__THE DATA__
text \<open>Q is coloured greedily in order of decreasing key, so when x is coloured the coloured
  part T of Q consists of vertices of key at least key x.\<close>

lemma greedy_colouring_extension:
  fixes key :: "'a \<Rightarrow> 'b::linorder"
  assumes "finite Q" "finite P" "P \<inter> Q = {}"
    and sym: "\<And>u v. R u v \<Longrightarrow> R v u" and irrefl: "\<And>u. \<not> R u u"
    and c0: "proper_colouring P R c0 N"
    and room: "\<And>x T. x \<in> Q \<Longrightarrow> T \<subseteq> Q - {x} \<Longrightarrow> (\<forall>y\<in>T. key x \<le> key y)
       \<Longrightarrow> card (c0 ` {y\<in>P. R x y}) + card {y\<in>T. R x y} < N"
  shows "\<exists>c. proper_colouring (P \<union> Q) R c N"
proof -
  have "\<exists>c. (\<forall>v\<in>P. c v = c0 v) \<and> proper_colouring (P \<union> Q) R c N"
    using \<open>finite Q\<close>
  proof (induction rule: finite_remove_induct)
    case empty
    then show ?case using c0 by auto
  next
    case (remove T)
    have "Min (key ` T) \<in> key ` T" using remove.hyps(1,2) by (intro Min_in) auto
    then obtain x where x: "x \<in> T" "key x = Min (key ` T)" by auto
    then have min: "\<forall>y\<in>T. key x \<le> key y" using remove.hyps(1) by simp
    obtain c where c: "\<forall>v\<in>P. c v = c0 v" "proper_colouring (P \<union> (T - {x})) R c N"
      using remove.IH[OF x(1)] by blast
    have "x \<notin> P" using x remove.hyps(3) assms(3) by blast
    have fin: "finite {y \<in> P \<union> (T - {x}). R x y}" using assms(2) remove.hyps(1) by simp
    have "c ` {y \<in> P \<union> (T - {x}). R x y} = c0 ` {y\<in>P. R x y} \<union> c ` {y\<in>T - {x}. R x y}"
      using c(1) by (auto simp: image_iff) (metis (mono_tags, lifting) mem_Collect_eq)
    moreover have "card (c ` {y\<in>T - {x}. R x y}) \<le> card {y\<in>T - {x}. R x y}"
      using remove.hyps(1) by (intro card_image_le) simp
    ultimately have "card (c ` {y \<in> P \<union> (T - {x}). R x y})
        \<le> card (c0 ` {y\<in>P. R x y}) + card {y\<in>T - {x}. R x y}"
      using card_Un_le[of "c0 ` {y\<in>P. R x y}" "c ` {y\<in>T - {x}. R x y}"] by simp
    also have "\<dots> < N" using room[of x "T - {x}"] x remove.hyps(3) min by auto
    finally obtain col where "proper_colouring (insert x (P \<union> (T - {x}))) R (c(x := col)) N"
      using proper_colouring_insert[OF c(2) sym irrefl fin] by blast
    moreover have "insert x (P \<union> (T - {x})) = P \<union> T" using x(1) by blast
    moreover have "\<forall>v\<in>P. (c(x := col)) v = c0 v" using c(1) \<open>x \<notin> P\<close> by simp
    ultimately show ?case by (metis fun_upd_apply)
  qed
  then show ?thesis by blast
qed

__TO DO__
Would you print exactly and only the lines of the material above that run from the line with "using remove.hyps(1) by simp" through the line with "assms(2) remove.hyps(1) by simp", both included?

__ANSWER AREA__
    then have min: "\<forall>y\<in>T. key x \<le> key y" using remove.hyps(1) by simp
    obtain c where c: "\<forall>v\<in>P. c v = c0 v" "proper_colouring (P \<union> (T - {x})) R c N"
      using remove.IH[OF x(1)] by blast
    have "x \<notin> P" using x remove.hyps(3) assms(3) by blast
    have fin: "finite {y \<in> P \<union> (T - {x}). R x y}" using assms(2) remove.hyps(1) by simp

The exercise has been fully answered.